Anarchy Rules! Exeter researcher to speak at conference opened by President of Iceland

Alex Prichard will be visiting Reykjavik for three days from the 18 - 20 October for a series of talks and discussions on the relevance of anarchist theory to contemporary politics.

Alex Prichard, along with Ruth Kinna and Thomas Swann, from Loughborough University, will be speaking to left-wing activists and Pirate Party members about how anarchist organising can help re-think what constitutions can be and how they can support social change.

The researchers will also speak at a conference at Reykjavik University convened by Katrin Oddsdottir, CEO of the campaign group The Constitutional Society and Attorney to the District Court.
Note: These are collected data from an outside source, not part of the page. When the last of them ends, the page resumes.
(* Let $\mathsf{S}$ be a random sprinkle in $d$-dimensional Minkowski spacetime, i.e. the set of points of a Poisson point process with intensity $\rho\cdot\nu$ ($\rho>0$ a constant, $\nu$ the Lebesgue volume measure), equipped with the causal order restricted from Minkowski spacetime. Then, with probability $1$, $\mathsf{S}$ is total locally unsymmetric.
   Context: Minkowski spacetime $\mathbb{M}^d$ is $\mathbb{R}^{d}=\mathbb{R}^{1,d-1}$ with metric $\mathrm{diag}(1,-1,\dots,-1)$, partially ordered by $x\le y$ iff $y-x$ is zero or a future-directed causal vector. For the Poisson process, the number of points in a bounded region $U$ is Poisson distributed with mean $\rho\,\nu(U)$, independently for disjoint regions. Local (un)symmetry: $\ell(X)$ is the cardinality of a longest chain of a poset $X$. A subset $A$ of a poset $X$ is maximally ordered in $X$ if $|\{(a,b)\in A\times A:a<b\}|$ is maximal among subsets of $X$ of cardinality $|A|$. For $\sigma\in\mathrm{Aut}(P)$, $\Sigma(\sigma)=\{a:\sigma(a)\ne a\}$. For a finite poset $Q$ and $r\ge2$: $\sigma$ is a $(Q,r)$-generator if there exist subsets $S_0,\dots,S_{r-1}\subset\Sigma(\sigma)$, each isomorphic to $Q$, which are smallest maximally ordered subsets of $\Sigma(\sigma)$ with $\sigma(S_i)=S_{(i+1)\bmod r}$, $\ell(S_i)=\ell(\Sigma(\sigma))$, $\bigcup_iS_i=\Sigma(\sigma)$; distinct $S_i,S_j$ are $(Q,r)$-symmetric subsets. Elements $a,b$ are $(Q,r,0)$-symmetric if $a=b$; $(Q,r,1)$-symmetric if there are $(Q,r)$-symmetric subsets $A,B$ with generator $\sigma$, $a\in A$, $b=\sigma^q(a)\in B$, $1\le q<r$; for $m\ge2$, $(Q,r,m)$-symmetric if not $(Q,r,j)$-symmetric for $j<m$ but there exist $c$, $j<m$ with $a$ $(Q,r,j)$-symmetric to $c$ and $c$ $(Q,r,m-j)$-symmetric to $b$; $(Q,r)$-symmetric if $(Q,r,m)$-symmetric for some $m\ge0$ (an equivalence relation). $P\oslash_rQ$ is the quotient poset of equivalence classes with $E\le F$ iff some $e\in E$, $f\in F$ satisfy $e\le f$. $P$ is locally symmetric if $P\oslash_rQ\not\cong P$ for some finite $Q$ and $r\ge2$, locally unsymmetric otherwise. For $k\in\mathbb{N}_0$, a poset $P$ is $k$-stable locally unsymmetric if for every subset $S\subseteq P$ with $|S|\le k$ the poset $P\setminus S$ (with induced order) is locally unsymmetric. $P$ is total locally unsymmetric if it is $k$-stable locally unsymmetric for every finite $k<|P|$. *)

theory Defs
  imports "HOL-Probability.Probability" "HOL-Library.Extended_Nat"
begin

definition po_on :: "'a set \<Rightarrow> ('a \<Rightarrow> 'a \<Rightarrow> bool) \<Rightarrow> bool" where
  "po_on X le \<longleftrightarrow> (\<forall>a\<in>X. le a a) \<and>
     (\<forall>a\<in>X. \<forall>b\<in>X. le a b \<and> le b a \<longrightarrow> a = b) \<and>
     (\<forall>a\<in>X. \<forall>b\<in>X. \<forall>c\<in>X. le a b \<and> le b c \<longrightarrow> le a c)"

definition strictly_below :: "('a \<Rightarrow> 'a \<Rightarrow> bool) \<Rightarrow> 'a \<Rightarrow> 'a \<Rightarrow> bool" where
  "strictly_below le a b \<longleftrightarrow> le a b \<and> a \<noteq> b"

definition is_chain :: "('a \<Rightarrow> 'a \<Rightarrow> bool) \<Rightarrow> 'a set \<Rightarrow> bool" where
  "is_chain le C \<longleftrightarrow> (\<forall>a\<in>C. \<forall>b\<in>C. le a b \<or> le b a)"

definition height :: "'a set \<Rightarrow> ('a \<Rightarrow> 'a \<Rightarrow> bool) \<Rightarrow> enat" where
  "height X le = Sup {enat (card C) | C. C \<subseteq> X \<and> finite C \<and> is_chain le C}"

definition order_iso :: "'a set \<Rightarrow> ('a \<Rightarrow> 'a \<Rightarrow> bool) \<Rightarrow> 'b set \<Rightarrow> ('b \<Rightarrow> 'b \<Rightarrow> bool) \<Rightarrow> bool" where
  "order_iso X le Y le' \<longleftrightarrow> (\<exists>f. bij_betw f X Y \<and> (\<forall>a\<in>X. \<forall>b\<in>X. le a b \<longleftrightarrow> le' (f a) (f b)))"

definition automorphism :: "'a set \<Rightarrow> ('a \<Rightarrow> 'a \<Rightarrow> bool) \<Rightarrow> ('a \<Rightarrow> 'a) \<Rightarrow> bool" where
  "automorphism X le \<sigma> \<longleftrightarrow> bij_betw \<sigma> X X \<and> (\<forall>a\<in>X. \<forall>b\<in>X. le a b \<longleftrightarrow> le (\<sigma> a) (\<sigma> b))"

definition moved :: "'a set \<Rightarrow> ('a \<Rightarrow> 'a) \<Rightarrow> 'a set" where
  "moved X \<sigma> = {a \<in> X. \<sigma> a \<noteq> a}"

definition ordered_pairs :: "('a \<Rightarrow> 'a \<Rightarrow> bool) \<Rightarrow> 'a set \<Rightarrow> ('a \<times> 'a) set" where
  "ordered_pairs le A = {(a, b) \<in> A \<times> A. strictly_below le a b}"

definition max_ordered :: "'a set \<Rightarrow> ('a \<Rightarrow> 'a \<Rightarrow> bool) \<Rightarrow> 'a set \<Rightarrow> bool" where
  "max_ordered X le A \<longleftrightarrow> A \<subseteq> X \<and> finite A \<and>
     (\<forall>B. B \<subseteq> X \<and> finite B \<and> card B = card A \<longrightarrow>
          card (ordered_pairs le B) \<le> card (ordered_pairs le A))"

definition smallest_max_ordered :: "'a set \<Rightarrow> ('a \<Rightarrow> 'a \<Rightarrow> bool) \<Rightarrow> 'a set \<Rightarrow> bool" where
  "smallest_max_ordered X le A \<longleftrightarrow>
     max_ordered X le A \<and> height A le = height X le \<and>
     (\<forall>B. max_ordered X le B \<and> height B le = height X le \<longrightarrow> card A \<le> card B)"

text \<open>Finite posets Q are represented on subsets of nat (every finite poset is isomorphic
  to one of these). The family Sf 0, ..., Sf (r-1) witnesses that sigma is a (Q,r)-generator.\<close>
definition generator_family ::
  "'a set \<Rightarrow> ('a \<Rightarrow> 'a \<Rightarrow> bool) \<Rightarrow> nat set \<Rightarrow> (nat \<Rightarrow> nat \<Rightarrow> bool) \<Rightarrow> nat \<Rightarrow> ('a \<Rightarrow> 'a) \<Rightarrow> (nat \<Rightarrow> 'a set) \<Rightarrow> bool" where
  "generator_family X le Qc Qle r \<sigma> Sf \<longleftrightarrow>
     automorphism X le \<sigma> \<and>
     (\<forall>i<r. Sf i \<subseteq> moved X \<sigma> \<and> order_iso (Sf i) le Qc Qle \<and>
            smallest_max_ordered (moved X \<sigma>) le (Sf i) \<and>
            \<sigma> ` (Sf i) = Sf ((i + 1) mod r) \<and>
            height (Sf i) le = height (moved X \<sigma>) le) \<and>
     (\<Union>i<r. Sf i) = moved X \<sigma>"

definition is_generator ::
  "'a set \<Rightarrow> ('a \<Rightarrow> 'a \<Rightarrow> bool) \<Rightarrow> nat set \<Rightarrow> (nat \<Rightarrow> nat \<Rightarrow> bool) \<Rightarrow> nat \<Rightarrow> ('a \<Rightarrow> 'a) \<Rightarrow> bool" where
  "is_generator X le Qc Qle r \<sigma> \<longleftrightarrow> (\<exists>Sf. generator_family X le Qc Qle r \<sigma> Sf)"

definition symmetric_subsets ::
  "'a set \<Rightarrow> ('a \<Rightarrow> 'a \<Rightarrow> bool) \<Rightarrow> nat set \<Rightarrow> (nat \<Rightarrow> nat \<Rightarrow> bool) \<Rightarrow> nat \<Rightarrow> ('a \<Rightarrow> 'a) \<Rightarrow> 'a set \<Rightarrow> 'a set \<Rightarrow> bool" where
  "symmetric_subsets X le Qc Qle r \<sigma> A B \<longleftrightarrow>
     (\<exists>Sf. generator_family X le Qc Qle r \<sigma> Sf \<and>
        (\<exists>i<r. \<exists>j<r. A = Sf i \<and> B = Sf j \<and> A \<noteq> B))"

definition sym1 ::
  "'a set \<Rightarrow> ('a \<Rightarrow> 'a \<Rightarrow> bool) \<Rightarrow> nat set \<Rightarrow> (nat \<Rightarrow> nat \<Rightarrow> bool) \<Rightarrow> nat \<Rightarrow> 'a \<Rightarrow> 'a \<Rightarrow> bool" where
  "sym1 X le Qc Qle r a b \<longleftrightarrow>
     (\<exists>\<sigma> A B q. symmetric_subsets X le Qc Qle r \<sigma> A B \<and> a \<in> A \<and>
        1 \<le> q \<and> q < r \<and> b = (\<sigma> ^^ q) a \<and> b \<in> B)"

function symm ::
  "'a set \<Rightarrow> ('a \<Rightarrow> 'a \<Rightarrow> bool) \<Rightarrow> nat set \<Rightarrow> (nat \<Rightarrow> nat \<Rightarrow> bool) \<Rightarrow> nat \<Rightarrow> nat \<Rightarrow> 'a \<Rightarrow> 'a \<Rightarrow> bool" where
  "symm X le Qc Qle r m a b =
     (if m = 0 then a = b
      else if m = 1 then sym1 X le Qc Qle r a b
      else (\<forall>j\<in>{..<m}. \<not> symm X le Qc Qle r j a b) \<and>
           (\<exists>j\<in>{1..<m}. \<exists>c. symm X le Qc Qle r j a c \<and> symm X le Qc Qle r (m - j) c b))"
  by pat_completeness auto
termination
  by (relation "Wellfounded.measure (\<lambda>(X, le, Qc, Qle, r, m, a, b). m)") auto

definition qr_symmetric ::
  "'a set \<Rightarrow> ('a \<Rightarrow> 'a \<Rightarrow> bool) \<Rightarrow> nat set \<Rightarrow> (nat \<Rightarrow> nat \<Rightarrow> bool) \<Rightarrow> nat \<Rightarrow> 'a \<Rightarrow> 'a \<Rightarrow> bool" where
  "qr_symmetric X le Qc Qle r a b \<longleftrightarrow> (\<exists>m. symm X le Qc Qle r m a b)"

definition quot_carrier ::
  "'a set \<Rightarrow> ('a \<Rightarrow> 'a \<Rightarrow> bool) \<Rightarrow> nat set \<Rightarrow> (nat \<Rightarrow> nat \<Rightarrow> bool) \<Rightarrow> nat \<Rightarrow> 'a set set" where
  "quot_carrier X le Qc Qle r = (\<lambda>a. {b \<in> X. qr_symmetric X le Qc Qle r a b}) ` X"

definition quot_le :: "('a \<Rightarrow> 'a \<Rightarrow> bool) \<Rightarrow> 'a set \<Rightarrow> 'a set \<Rightarrow> bool" where
  "quot_le le E F \<longleftrightarrow> (\<exists>e\<in>E. \<exists>f\<in>F. le e f)"

definition locally_symmetric :: "'a set \<Rightarrow> ('a \<Rightarrow> 'a \<Rightarrow> bool) \<Rightarrow> bool" where
  "locally_symmetric X le \<longleftrightarrow>
     (\<exists>Qc Qle r. finite Qc \<and> po_on Qc Qle \<and> r \<ge> 2 \<and>
        \<not> order_iso (quot_carrier X le Qc Qle r) (quot_le le) X le)"

definition locally_unsymmetric :: "'a set \<Rightarrow> ('a \<Rightarrow> 'a \<Rightarrow> bool) \<Rightarrow> bool" where
  "locally_unsymmetric X le \<longleftrightarrow> \<not> locally_symmetric X le"

definition stable_locally_unsymmetric :: "nat \<Rightarrow> 'a set \<Rightarrow> ('a \<Rightarrow> 'a \<Rightarrow> bool) \<Rightarrow> bool" where
  "stable_locally_unsymmetric k X le \<longleftrightarrow>
     (\<forall>S. S \<subseteq> X \<and> finite S \<and> card S \<le> k \<longrightarrow> locally_unsymmetric (X - S) le)"

definition total_locally_unsymmetric :: "'a set \<Rightarrow> ('a \<Rightarrow> 'a \<Rightarrow> bool) \<Rightarrow> bool" where
  "total_locally_unsymmetric X le \<longleftrightarrow>
     (\<forall>k::nat. (infinite X \<or> k < card X) \<longrightarrow> stable_locally_unsymmetric k X le)"

text \<open>Points of d-dimensional Minkowski spacetime, d = 1 + DIM('b), are pairs (time, space).
  x \<le> y iff y - x is zero or future-directed causal.\<close>
definition causal_le :: "real \<times> 'b::euclidean_space \<Rightarrow> real \<times> 'b \<Rightarrow> bool" where
  "causal_le x y \<longleftrightarrow> norm (snd y - snd x) \<le> fst y - fst x"

definition poisson_point_process ::
  "'w measure \<Rightarrow> real \<Rightarrow> ('w \<Rightarrow> (real \<times> 'b::euclidean_space) set) \<Rightarrow> bool" where
  "poisson_point_process M \<rho> S \<longleftrightarrow>
     prob_space M \<and>
     (\<forall>U \<in> sets lborel. bounded U \<longrightarrow>
        (AE \<omega> in M. finite (S \<omega> \<inter> U)) \<and>
        (\<forall>k::nat. {\<omega> \<in> space M. card (S \<omega> \<inter> U) = k} \<in> sets M \<and>
           measure M {\<omega> \<in> space M. card (S \<omega> \<inter> U) = k} =
             exp (- (\<rho> * measure lborel U)) * (\<rho> * measure lborel U) ^ k / fact k)) \<and>
     (\<forall>(I :: nat set) (U :: nat \<Rightarrow> (real \<times> 'b) set).
        finite I \<longrightarrow> (\<forall>i\<in>I. U i \<in> sets lborel \<and> bounded (U i)) \<longrightarrow> disjoint_family_on U I \<longrightarrow>
        prob_space.indep_vars M (\<lambda>_. count_space UNIV) (\<lambda>i \<omega>. card (S \<omega> \<inter> U i)) I)"

end

theory Submission
  imports Defs
begin

text \<open>Call a poset infinitely distinguished if any two distinct elements a, b are told apart by
  infinitely many c, in the sense that c lies below exactly one of them. Such a poset is totally
  locally unsymmetric: a (Q,r)-generator moves only the finitely many points of r copies of Q, and
  a point fixed by an automorphism \<sigma> cannot tell a from \<sigma> a, so every generator is the identity,
  (Q,r)-symmetry is equality and P \<oslash>_r Q is P itself; deleting finitely many points
  preserves the property.

  A sprinkle is almost surely infinitely distinguished. Given a \<noteq> b, choose e = \<plusminus> a basis vector
  with t - x\<cdot>e smaller at a than at b. A row of disjoint balls of fixed radius, starting just
  below b and receding into the past along the null direction (1, e), lies in the past of b but
  outside the past of a; having infinite volume, it almost surely contains infinitely many
  sprinkled points. Countably many such tubes suffice for all pairs a, b at once.\<close>

declare symm.simps[simp del]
The conference, held on the 20th of October, will be opened by the President of Iceland, Guðni Th. Jóhannesson.

The conference at Reykjavik University will include contributions from noted legal scholars Laurence Lessig (Harvard University) and David Carrillo (UC Berkley) and communications expert Arne Hintz (Cardiff University). The researchers from the UK will discuss the problems with modern politics, pointing towards solutions that can be found in radical ideas of constitutionalism and democracy, highlighting the role of social media in realising these.

Historically, anarchist politics has promoted values of participation and deliberation in democratic decision making and is committed to empowering people (especially marginalised groups and individuals) by adopting non-hierarchical, 'leaderless' principles.

The researchers, who are working on a larger project that explores anarchism and constitutional politics with radical left groups in the UK, aim to question how constitutions are used in mainstream politics. They will suggest that examples such as the Occupy movement of 2011 show how rules and constitutions play important and necessary roles in anarchist politics and in left-wing politics in general.

The research is funded by the Economic and Social Research Council as part of the Transformative Research scheme.

Ruth Kinna, the lead researcher on the project and Professor of Political Theory at Loughborough University, said: ‘Constitutions have typically been used to establish systems of domination through hierarchy, something anarchists are opposed to. But we believe that thinking about constitutional practices in new ways can help everyone interested in anarchist organising think creatively about rule-making.’

Alex Prichard, Senior Lecturer in International Relations at the University of Exeter, added: ‘Even anarchists who reject constitutions have rules. The criticisms anarchists have of how rules operate in mainstream politics are reasons to think about how the openness and flexibility of anarchist organising can be used to support egalitarian, libertarian and democratic principles.’

Thomas Swann, Research Associate at Loughborough University, said: ‘The questions raised by this research are particularly relevant in Iceland, where innovative crowd-sourcing methods have been experimented with in trying to write a new constitution. With the potential of success for the Pirate Party in the upcoming elections, new forms of participation and democracy are becoming increasingly important, and not just for Iceland.’